The MiFID II Amending Directive introduces significant changes to the MiFID II commodity framework, including to the position limit regime. ESMA’s proposals relating to the application of position limits to commodity derivatives focus on:
- developing procedures for financial entities undertaking hedging activities and for liquidity providers to apply for an exemption from position limits; and
- suggesting other technical adjustments to improve the application of the position limit regime in practice.
In addition, the consultation paper also contains ESMA’s proposals for technical standards on position management controls.
The consultation closes on 23 July 2021. ESMA intends to finalise the draft technical standards and submit a final report to the European Commission for endorsement by November 2021.

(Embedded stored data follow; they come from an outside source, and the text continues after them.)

lemma grad_phi2:
  fixes V :: "real^'n^'r"
  shows "grad (\<lambda>W. phi2 lam U W) V = (6*lam * (norm V)\<^sup>2 + eps lam U) *\<^sub>R V"
proof (rule grad_eqI)
  have "((\<lambda>W. (6*lam/4) * ((norm W)\<^sup>2)\<^sup>2 + (1/2) * eps lam U * (norm W)\<^sup>2) has_derivative
     (\<lambda>h. (6*lam/4) * (of_nat 2 * (2 * (V \<bullet> h)) * ((norm V)\<^sup>2)^(2-1))
          + (1/2) * eps lam U * (2 * (V \<bullet> h)))) (at V)"
    by (intro has_derivative_add has_derivative_mult_right has_derivative_power
        has_derivative_power2_norm has_derivative_ident)
  moreover have "(norm W)^4 = ((norm W)\<^sup>2)\<^sup>2" for W :: "real^'n^'r"
    by simp
  ultimately show "((\<lambda>W. phi2 lam U W) has_derivative
      (\<lambda>h. ((6*lam * (norm V)\<^sup>2 + eps lam U) *\<^sub>R V) \<bullet> h)) (at V)"
    unfolding phi2_def
    by (auto elim!: has_derivative_eq_rhs simp: fun_eq_iff algebra_simps power2_eq_square)
qed

lemma grad_nmf_f_U:
  "grad (\<lambda>W. nmf_f lam X W V) U = U ** V ** transpose V - X ** transpose V"
proof (rule grad_eqI)
  have "((\<lambda>W. (1/2) * (norm (X - W ** V))\<^sup>2 + (lam/2) * (norm (mat 1 - V ** transpose V))\<^sup>2)
      has_derivative (\<lambda>h. (1/2) * (2 * ((X - U ** V) \<bullet> (0 - (U ** 0 + h ** V)))) + 0)) (at U)"
    by (intro has_derivative_add has_derivative_mult_right has_derivative_power2_norm
        has_derivative_diff has_derivative_const has_derivative_matrix_matrix_mult
        has_derivative_ident)
  moreover have "(X - U ** V) \<bullet> (0 - (U ** 0 + h ** V))
      = (U ** V ** transpose V - X ** transpose V) \<bullet> h" for h
    by (simp add: inner_matrix_mult_left inner_diff_left matrix_mult_diff_left)
  ultimately show "((\<lambda>W. nmf_f lam X W V) has_derivative
      (\<lambda>h. (U ** V ** transpose V - X ** transpose V) \<bullet> h)) (at U)"
    unfolding nmf_f_def by (auto elim!: has_derivative_eq_rhs)
qed

lemma grad_nmf_f_V:
  fixes U :: "real^'r^'m" and V :: "real^'n^'r"
  shows "grad (\<lambda>W. nmf_f lam X U W) V
    = transpose U ** U ** V - transpose U ** X + (2*lam) *\<^sub>R (V ** transpose V ** V - V)"
proof (rule grad_eqI)
  define N where "N = V ** transpose V - mat 1"
  have "((\<lambda>W. (1/2) * (norm (X - U ** W))\<^sup>2 + (lam/2) * (norm (mat 1 - W ** transpose W))\<^sup>2)
      has_derivative (\<lambda>h. (1/2) * (2 * ((X - U ** V) \<bullet> (0 - (U ** h + 0 ** V))))
        + (lam/2) * (2 * ((mat 1 - V ** transpose V) \<bullet> (0 - (V ** transpose h + h ** transpose V))))))
      (at V)"
    by (intro has_derivative_add has_derivative_mult_right has_derivative_power2_norm
        has_derivative_diff has_derivative_const has_derivative_matrix_matrix_mult
        has_derivative_ident bounded_linear_imp_has_derivative[OF bounded_linear_transpose])
  moreover have "(X - U ** V) \<bullet> (0 - (U ** h + 0 ** V))
      = (transpose U ** U ** V - transpose U ** X) \<bullet> h" for h
    by (simp add: inner_matrix_mult_right inner_diff_left matrix_mult_diff_right matrix_mul_assoc)
  moreover have "(mat 1 - V ** transpose V) \<bullet> (0 - (V ** transpose h + h ** transpose V))
      = 2 * ((V ** transpose V ** V - V) \<bullet> h)" for h
  proof -
    have "N \<bullet> (V ** transpose h) = transpose N \<bullet> transpose (V ** transpose h)"
      by (rule inner_transpose_transpose[symmetric])
    also have "\<dots> = N \<bullet> (h ** transpose V)"
      by (simp add: N_def matrix_transpose_mul transpose_diff)
    finally have "(mat 1 - V ** transpose V) \<bullet> (0 - (V ** transpose h + h ** transpose V))
        = 2 * (N \<bullet> (h ** transpose V))"
      by (simp add: N_def inner_add_right inner_diff_left algebra_simps)
    then show ?thesis
      by (simp add: inner_matrix_mult_left N_def matrix_mult_diff_left)
  qed
  ultimately show "((\<lambda>W. nmf_f lam X U W) has_derivative (\<lambda>h.
      (transpose U ** U ** V - transpose U ** X + (2*lam) *\<^sub>R (V ** transpose V ** V - V)) \<bullet> h))
      (at V)"
    unfolding nmf_f_def by (auto elim!: has_derivative_eq_rhs simp: inner_add_left)
qed

lemma argmin_on_eq_singletonI:
  fixes F :: "'a::real_normed_vector \<Rightarrow> real"
  assumes "x \<in> S" and "k > 0"
    and growth: "\<And>y. y \<in> S \<Longrightarrow> F x + k * (norm (y - x))\<^sup>2 \<le> F y"
  shows "argmin_on F S = {x}"
proof -
  have "F x \<le> F y" if "y \<in> S" for y
  proof -
    have "0 \<le> k * (norm (y - x))\<^sup>2" using \<open>k > 0\<close> by simp
    then show ?thesis using growth[OF that] by linarith
  qed
  moreover have "y = x" if "y \<in> S" "F y \<le> F x" for y
  proof -
    have "k * (norm (y - x))\<^sup>2 \<le> 0" using growth[OF that(1)] that(2) by simp
    then show ?thesis using \<open>k > 0\<close> by (simp add: mult_le_0_iff)
  qed
  ultimately show ?thesis
    using \<open>x \<in> S\<close> unfolding argmin_on_def by fastforce
qed

lemma argmin_on_affine_cong:
  assumes "L > 0" and "\<And>x. x \<in> S \<Longrightarrow> F x = L * H x + K"
  shows "argmin_on F S = argmin_on H S"
  using assms unfolding argmin_on_def by auto

lemma mat_nonneg_mat_pos: "mat_nonneg (mat_pos A)"
  unfolding mat_pos_def mat_nonneg_def by simp

lemma inner_mat_pos_diff_nonneg:
  assumes "mat_nonneg U"
  shows "0 \<le> (mat_pos P - P) \<bullet> U"
  using assms unfolding inner_vec_def mat_pos_def mat_nonneg_def
  by (auto intro!: sum_nonneg simp: max_def)

lemma inner_mat_pos_diff_mat_pos: "(mat_pos P - P) \<bullet> mat_pos P = 0"
  unfolding inner_vec_def mat_pos_def by (auto intro!: sum.neutral simp: max_def)

lemma argmin_nonneg_dist_power2:
  fixes P :: "real^'c^'r"
  shows "argmin_on (\<lambda>U. (norm (U - P))\<^sup>2) {U. mat_nonneg U} = {mat_pos P}"
proof (rule argmin_on_eq_singletonI)
  fix U :: "real^'c^'r" assume "U \<in> {U. mat_nonneg U}"
  then have "0 \<le> (mat_pos P - P) \<bullet> (U - mat_pos P)"
    using inner_mat_pos_diff_nonneg[of U P] inner_mat_pos_diff_mat_pos[of P]
    by (simp add: inner_diff_right)
  moreover have "(norm (U - P))\<^sup>2 = (norm (mat_pos P - P))\<^sup>2 + (norm (U - mat_pos P))\<^sup>2
      + 2 * ((mat_pos P - P) \<bullet> (U - mat_pos P))"
    unfolding power2_norm_eq_inner by (simp add: inner_diff_left inner_diff_right inner_commute)
  ultimately show "(norm (mat_pos P - P))\<^sup>2 + 1 * (norm (U - mat_pos P))\<^sup>2 \<le> (norm (U - P))\<^sup>2"
    by simp
qed (simp_all add: mat_nonneg_mat_pos)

CRA Regulation: ESMA consults on guidelines on disclosure requirements for initial reviews and preliminary ratings
ESMA has published a consultation paper on guidelines on disclosure requirements for initial reviews and preliminary ratings under the Credit Rating Agencies Regulation (CRA Regulation).
The CRA Regulation includes a number of provisions that are designed to provide greater clarity to market participants as to whether entities or debt instruments have been subject to an initial review or a preliminary rating by CRAs before receiving a credit rating. The aim of these provisions is to mitigate against the effects of “ratings shopping”.

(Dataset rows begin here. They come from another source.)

theorem proposition5p8:
  fixes n :: nat and u v :: label
  assumes "n \<ge> 1" and "u \<in> Vn n" and "v \<in> Vn n"
  shows "(\<exists>w h P. valid_pattern (Tn' n) w h P \<and>
                  bottom_labels w P = tau n v \<and> left_labels h P = tau n u)
         \<longleftrightarrow> (u, v) \<in> ((Vn n - Zn n) \<times> (Vn n - Zn n)) \<union> ((Mn n \<inter> Zn n) \<times> (Mn n \<inter> Zn n))
                      \<union> ((Mn n - Zn n) \<times> Zn n) \<union> (Zn n \<times> (Mn n - Zn n))"
  (is "?tileable \<longleftrightarrow> _")
  unfolding tileable_condition_iff[OF assms(2,3)]
proof
  assume ?tileable
  with pattern_exists_transpose[OF this] show "(u \<in> Zn n \<longrightarrow> v \<in> Mn n) \<and> (v \<in> Zn n \<longrightarrow> u \<in> Mn n)"
    using Zn_pattern_forces_Mn[OF assms(1)] assms(2,3) by blast
next
  assume cond: "(u \<in> Zn n \<longrightarrow> v \<in> Mn n) \<and> (v \<in> Zn n \<longrightarrow> u \<in> Mn n)"
  obtain xu yu zu x y z where u: "u = (xu, yu, zu)" and v: "v = (x, y, z)"
    by (cases u, cases v)
  have "xu = 0 \<Longrightarrow> z \<ge> int n" and "x = 0 \<Longrightarrow> zu \<ge> int n"
    using cond assms(2,3) unfolding u v Zn_def Mn_def by auto
  then show ?tileable
    using canonical_pattern_tiles[OF assms(1) assms(2,3)[unfolded u v]] unfolding u v by blast
qed

end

ESMA has engaged with CRAs over a number of years to assess current market practices around initial reviews and preliminary ratings with the aim of identifying possible inconsistencies in CRAs’ practices and defining necessary steps to address these inconsistencies.

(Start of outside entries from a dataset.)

(* Let $X=[X_1|X_2]$ be a real $n\times p$ matrix with $X_1$ of size $n\times p_1$ and $X_2$ of size $n\times p_2$, where $X_1$ has linearly independent columns ($\mathrm{rank}(X_1)=p_1\le n$). Let $X_2=[X_{2,1}|\cdots|X_{2,B}]$ be split into blocks, let $\lambda_1,\dots,\lambda_B>0$ and let $\Lambda$ be the $p_2\times p_2$ diagonal matrix whose diagonal entries corresponding to the columns of $X_{2,b}$ equal $\lambda_b$. Let $\Lambda'=\begin{pmatrix}\mathbf{0}_{p_1\times p_1}&\mathbf{0}_{p_1\times p_2}\\ \mathbf{0}_{p_2\times p_1}&\Lambda\end{pmatrix}$. Let $W$ be an $n\times n$ diagonal matrix with strictly positive diagonal entries, set $X_{k,W}=W^{1/2}X_k$ for $k=1,2$, $P_{1,W}=I_{n\times n}-X_{1,W}(X_{1,W}^TX_{1,W})^{-1}X_{1,W}^T$, $\Sigma_{2,b}=X_{2,b}X_{2,b}^T$, and $$\Gamma_{W,\Lambda}=W^{1/2}\Bigl(\sum_{b=1}^B\lambda_b^{-1}\Sigma_{2,b}\Bigr)W^{1/2}.$$ Let $H_{W,\Lambda}=X(X^TWX+\Lambda')^{-1}X^T$. Then $$H_{W,\Lambda}=W^{-1/2}X_{1,W}(X_{1,W}^TX_{1,W})^{-1}X_{1,W}^T\bigl(I_{n\times n}-W^{1/2}H_{2,W,\Lambda}W^{1/2}\bigr)W^{-1/2}+H_{2,W,\Lambda},$$ where $$H_{2,W,\Lambda}=W^{-1/2}\,\Gamma_{W,\Lambda}\Bigl(I_{n\times n}-(I_{n\times n}+P_{1,W}\Gamma_{W,\Lambda})^{-1}P_{1,W}\Gamma_{W,\Lambda}\Bigr)P_{1,W}\,W^{-1/2}.$$
   Context: $X_1$ contains unpenalized covariates and $X_2$ contains penalized covariates in multi-penalty ridge regression; $H_{W,\Lambda}$ is the sample-weighted hat matrix used in iterative weighted least squares. *)

theory Defs
  imports "HOL-Analysis.Analysis"
begin

definition hcat :: "real^'k^'m \<Rightarrow> real^'l^'m \<Rightarrow> real^('k + 'l)^'m" where
  "hcat A B = (\<chi> i j. case j of Inl a \<Rightarrow> A $ i $ a | Inr b \<Rightarrow> B $ i $ b)"

definition bdiag :: "real^'k^'k \<Rightarrow> real^'l^'l \<Rightarrow> real^('k + 'l)^('k + 'l)" where
  "bdiag A B = (\<chi> i j. case (i, j) of (Inl a, Inl a') \<Rightarrow> A $ a $ a'
                                | (Inr b, Inr b') \<Rightarrow> B $ b $ b'
                                | _ \<Rightarrow> 0)"

definition diag_mat :: "('n \<Rightarrow> real) \<Rightarrow> real^'n^'n" where
  "diag_mat d = (\<chi> i j. if i = j then d i else 0)"

definition is_diag :: "real^'n^'n \<Rightarrow> bool" where
  "is_diag A \<longleftrightarrow> (\<forall>i j. i \<noteq> j \<longrightarrow> A $ i $ j = 0)"

definition diag_sqrt :: "real^'n^'n \<Rightarrow> real^'n^'n" where
  "diag_sqrt W = diag_mat (\<lambda>i. sqrt (W $ i $ i))"

text \<open>Sigma_{2,b} = X_{2,b} X_{2,b}^T, where X_{2,b} consists of the columns j of X2 with blk j = b.\<close>
definition Sigma_blk :: "real^'p^'n \<Rightarrow> ('p \<Rightarrow> 'b) \<Rightarrow> 'b \<Rightarrow> real^'n^'n" where
  "Sigma_blk X2 blk b = (\<chi> i k. \<Sum>j\<in>{j. blk j = b}. X2 $ i $ j * X2 $ k $ j)"

definition diag_msqrt :: "real^'n^'n \<Rightarrow> real^'n^'n" where
  "diag_msqrt W = matrix_inv (diag_sqrt W)"

definition P1W :: "real^'p1^'n \<Rightarrow> real^'n^'n \<Rightarrow> real^'n^'n" where
  "P1W X1 W = (let X1W = diag_sqrt W ** X1 in
      mat 1 - X1W ** matrix_inv (transpose X1W ** X1W) ** transpose X1W)"

definition GammaW :: "real^'p2^'n \<Rightarrow> ('p2 \<Rightarrow> 'b::finite) \<Rightarrow> ('b \<Rightarrow> real) \<Rightarrow> real^'n^'n \<Rightarrow> real^'n^'n" where
  "GammaW X2 blk lam W =
     diag_sqrt W ** (\<Sum>b\<in>UNIV. (1 / lam b) *\<^sub>R Sigma_blk X2 blk b) ** diag_sqrt W"

definition H2W :: "real^'p1^'n \<Rightarrow> real^'p2^'n \<Rightarrow> ('p2 \<Rightarrow> 'b::finite) \<Rightarrow> ('b \<Rightarrow> real) \<Rightarrow> real^'n^'n \<Rightarrow> real^'n^'n" where
  "H2W X1 X2 blk lam W = (let P = P1W X1 W; G = GammaW X2 blk lam W in
     diag_msqrt W ** G ** (mat 1 - matrix_inv (mat 1 + P ** G) ** P ** G) ** P ** diag_msqrt W)"

definition HW :: "real^'p1^'n \<Rightarrow> real^'p2^'n \<Rightarrow> ('p2 \<Rightarrow> 'b::finite) \<Rightarrow> ('b \<Rightarrow> real) \<Rightarrow> real^'n^'n \<Rightarrow> real^'n^'n" where
  "HW X1 X2 blk lam W = (let X = hcat X1 X2; Lam' = bdiag (mat 0) (diag_mat (\<lambda>j. lam (blk j))) in
     X ** matrix_inv (transpose X ** W ** X + Lam') ** transpose X)"

end

theory Submission
  imports Defs
begin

This consultation proposes guidance to address the existing inconsistencies in the interpretation of the relevant provisions and, by extension, reduce (to the extent possible under the existing CRA Regulation provisions) the risks posed by rating shopping.
The proposed guidelines have three sections which aim to clarify ESMA’s views on:
- how the term “initial review and preliminary rating” should be understood for the purposes of the CRA Regulation’s public disclosure requirements;
- the content and timing of CRAs’ public disclosures for interactions that meet the standard of “initial review and preliminary rating”; and
- the steps to ensure these public disclosures are more accessible for investors and the market.
The consultation closes on 4 August 2021. ESMA will consider the responses it receives in Q3 2021 and expects to publish a final report by the end of Q4 2021. The draft guidelines are stated to apply from 1 July 2022.